(* Let $G$ be a simplicial group and $M$ an abelian $\pi_0(G)$-module. The map $C^1(\pi_0(G),M)\to C^1(G,M)$, $c\mapsto (g_0\mapsto c(g_0B_0NG))$, restricts to an isomorphism $Z^1(\pi_0(G),M)\to Z^1(G,M)$, which in turn restricts to an isomorphism $B^1(\pi_0(G),M)\to B^1(G,M)$. In particular $H^1(G,M)\cong H^1(\pi_0(G),M)$.
   Context: Simplicial group $G$ (faces $d_k$), $N_1G=\ker d_1\subseteq G_1$, $B_0NG=d_0(N_1G)$, $\pi_0(G)=G_0/B_0NG$. Cochain complex of $G$: $C^n(G,M)=\mathrm{Map}(G_{n-1}\times\cdots\times G_0,M)$; in low degrees $C^0=M$, $C^1=\mathrm{Map}(G_0,M)$, $C^2=\mathrm{Map}(G_1\times G_0,M)$, $(dc)(g_0)=c-\langle g_0\rangle\cdot c$ for $c\in C^0$, and $(dc)(g_1,g_0)=c(d_0g_1)-c((d_1g_1)g_0)+\langle g_1\rangle\cdot c(g_0)$ for $c\in C^1$, where $\langle g\rangle$ is the class in $\pi_0(G)$ of $g$ (resp. of $d_1g$). For a group $\Pi$: $C^1(\Pi,M)=\mathrm{Map}(\Pi,M)$, $(dc)(h,g)=c(h)-c(hg)+h\cdot c(g)$, $(dc)(g)=c-g\cdot c$ on $C^0=M$; $Z^1,B^1,H^1$ as usual. *)

theory Defs
  imports "HOL-Algebra.Algebra"
begin

text \<open>G n is the group of n-simplices; d n i : G (Suc n) -> G n is the i-th face map
  (i \<le> Suc n); s n j : G n -> G (Suc n) is the j-th degeneracy (j \<le> n).\<close>

definition simplicial_group ::
  "(nat \<Rightarrow> 'a monoid) \<Rightarrow> (nat \<Rightarrow> nat \<Rightarrow> 'a \<Rightarrow> 'a) \<Rightarrow> (nat \<Rightarrow> nat \<Rightarrow> 'a \<Rightarrow> 'a) \<Rightarrow> bool" where
  "simplicial_group G d s \<longleftrightarrow>
     (\<forall>n. group (G n)) \<and>
     (\<forall>n i. i \<le> Suc n \<longrightarrow> d n i \<in> hom (G (Suc n)) (G n)) \<and>
     (\<forall>n j. j \<le> n \<longrightarrow> s n j \<in> hom (G n) (G (Suc n))) \<and>
     (\<forall>n i j x. i < j \<and> j \<le> Suc (Suc n) \<and> x \<in> carrier (G (Suc (Suc n))) \<longrightarrow>
        d n i (d (Suc n) j x) = d n (j - 1) (d (Suc n) i x)) \<and>
     (\<forall>n i j x. i < j \<and> j \<le> Suc n \<and> x \<in> carrier (G (Suc n)) \<longrightarrow>
        d (Suc n) i (s (Suc n) j x) = s n (j - 1) (d n i x)) \<and>
     (\<forall>n j x. j \<le> n \<and> x \<in> carrier (G n) \<longrightarrow>
        d n j (s n j x) = x \<and> d n (Suc j) (s n j x) = x) \<and>
     (\<forall>n i j x. Suc j < i \<and> i \<le> Suc (Suc n) \<and> j \<le> n \<and> x \<in> carrier (G (Suc n)) \<longrightarrow>
        d (Suc n) i (s (Suc n) j x) = s n j (d n (i - 1) x)) \<and>
     (\<forall>n i j x. i \<le> j \<and> j \<le> n \<and> x \<in> carrier (G n) \<longrightarrow>
        s (Suc n) i (s n j x) = s (Suc n) (Suc j) (s n i x))"

definition N1 :: "(nat \<Rightarrow> 'a monoid) \<Rightarrow> (nat \<Rightarrow> nat \<Rightarrow> 'a \<Rightarrow> 'a) \<Rightarrow> 'a set" where
  "N1 G d = {x \<in> carrier (G 1). d 0 1 x = \<one>\<^bsub>G 0\<^esub>}"

definition B0N :: "(nat \<Rightarrow> 'a monoid) \<Rightarrow> (nat \<Rightarrow> nat \<Rightarrow> 'a \<Rightarrow> 'a) \<Rightarrow> 'a set" where
  "B0N G d = d 0 0 ` N1 G d"

definition pi0 :: "(nat \<Rightarrow> 'a monoid) \<Rightarrow> (nat \<Rightarrow> nat \<Rightarrow> 'a \<Rightarrow> 'a) \<Rightarrow> 'a set monoid" where
  "pi0 G d = G 0 Mod B0N G d"

definition cls :: "(nat \<Rightarrow> 'a monoid) \<Rightarrow> (nat \<Rightarrow> nat \<Rightarrow> 'a \<Rightarrow> 'a) \<Rightarrow> 'a \<Rightarrow> 'a set" where
  "cls G d g = B0N G d #>\<^bsub>G 0\<^esub> g"

text \<open>An abelian P-module: abelian group M (written multiplicatively) with a left action of
  P by group endomorphisms.\<close>
definition is_module :: "'p monoid \<Rightarrow> 'm monoid \<Rightarrow> ('p \<Rightarrow> 'm \<Rightarrow> 'm) \<Rightarrow> bool" where
  "is_module P M act \<longleftrightarrow> comm_group M \<and>
     (\<forall>x\<in>carrier P. act x \<in> hom M M) \<and>
     (\<forall>m\<in>carrier M. act \<one>\<^bsub>P\<^esub> m = m) \<and>
     (\<forall>x\<in>carrier P. \<forall>y\<in>carrier P. \<forall>m\<in>carrier M. act (x \<otimes>\<^bsub>P\<^esub> y) m = act x (act y m))"

definition cochain_grp :: "'x set \<Rightarrow> 'm monoid \<Rightarrow> ('x \<Rightarrow> 'm) monoid" where
  "cochain_grp A M = \<lparr> carrier = A \<rightarrow>\<^sub>E carrier M,
      monoid.mult = (\<lambda>f g. \<lambda>x\<in>A. f x \<otimes>\<^bsub>M\<^esub> g x), monoid.one = (\<lambda>x\<in>A. \<one>\<^bsub>M\<^esub>) \<rparr>"

definition Z1_grp_set :: "'p monoid \<Rightarrow> 'm monoid \<Rightarrow> ('p \<Rightarrow> 'm \<Rightarrow> 'm) \<Rightarrow> ('p \<Rightarrow> 'm) set" where
  "Z1_grp_set P M act = {c \<in> carrier P \<rightarrow>\<^sub>E carrier M.
     \<forall>h\<in>carrier P. \<forall>g\<in>carrier P.
       c h \<otimes>\<^bsub>M\<^esub> inv\<^bsub>M\<^esub> (c (h \<otimes>\<^bsub>P\<^esub> g)) \<otimes>\<^bsub>M\<^esub> act h (c g) = \<one>\<^bsub>M\<^esub>}"

definition B1_grp_set :: "'p monoid \<Rightarrow> 'm monoid \<Rightarrow> ('p \<Rightarrow> 'm \<Rightarrow> 'm) \<Rightarrow> ('p \<Rightarrow> 'm) set" where
  "B1_grp_set P M act = {c. \<exists>m\<in>carrier M. c = (\<lambda>g\<in>carrier P. m \<otimes>\<^bsub>M\<^esub> inv\<^bsub>M\<^esub> (act g m))}"

definition Z1_grp :: "'p monoid \<Rightarrow> 'm monoid \<Rightarrow> ('p \<Rightarrow> 'm \<Rightarrow> 'm) \<Rightarrow> ('p \<Rightarrow> 'm) monoid" where
  "Z1_grp P M act = (cochain_grp (carrier P) M)\<lparr>carrier := Z1_grp_set P M act\<rparr>"

definition B1_grp :: "'p monoid \<Rightarrow> 'm monoid \<Rightarrow> ('p \<Rightarrow> 'm \<Rightarrow> 'm) \<Rightarrow> ('p \<Rightarrow> 'm) monoid" where
  "B1_grp P M act = (cochain_grp (carrier P) M)\<lparr>carrier := B1_grp_set P M act\<rparr>"

definition H1_grp :: "'p monoid \<Rightarrow> 'm monoid \<Rightarrow> ('p \<Rightarrow> 'm \<Rightarrow> 'm) \<Rightarrow> ('p \<Rightarrow> 'm) set monoid" where
  "H1_grp P M act = Z1_grp P M act Mod B1_grp_set P M act"

definition Z1_sg_set :: "(nat \<Rightarrow> 'a monoid) \<Rightarrow> (nat \<Rightarrow> nat \<Rightarrow> 'a \<Rightarrow> 'a) \<Rightarrow> 'm monoid
    \<Rightarrow> ('a set \<Rightarrow> 'm \<Rightarrow> 'm) \<Rightarrow> ('a \<Rightarrow> 'm) set" where
  "Z1_sg_set G d M act = {c \<in> carrier (G 0) \<rightarrow>\<^sub>E carrier M.
     \<forall>g1\<in>carrier (G 1). \<forall>g0\<in>carrier (G 0).
       c (d 0 0 g1) \<otimes>\<^bsub>M\<^esub> inv\<^bsub>M\<^esub> (c (d 0 1 g1 \<otimes>\<^bsub>G 0\<^esub> g0))
         \<otimes>\<^bsub>M\<^esub> act (cls G d (d 0 1 g1)) (c g0) = \<one>\<^bsub>M\<^esub>}"

definition B1_sg_set :: "(nat \<Rightarrow> 'a monoid) \<Rightarrow> (nat \<Rightarrow> nat \<Rightarrow> 'a \<Rightarrow> 'a) \<Rightarrow> 'm monoid
    \<Rightarrow> ('a set \<Rightarrow> 'm \<Rightarrow> 'm) \<Rightarrow> ('a \<Rightarrow> 'm) set" where
  "B1_sg_set G d M act = {c. \<exists>m\<in>carrier M.
     c = (\<lambda>g0\<in>carrier (G 0). m \<otimes>\<^bsub>M\<^esub> inv\<^bsub>M\<^esub> (act (cls G d g0) m))}"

========================================

Some lines of the listing may include the string "close". Tally them and report only the total.

§ Exercise response
2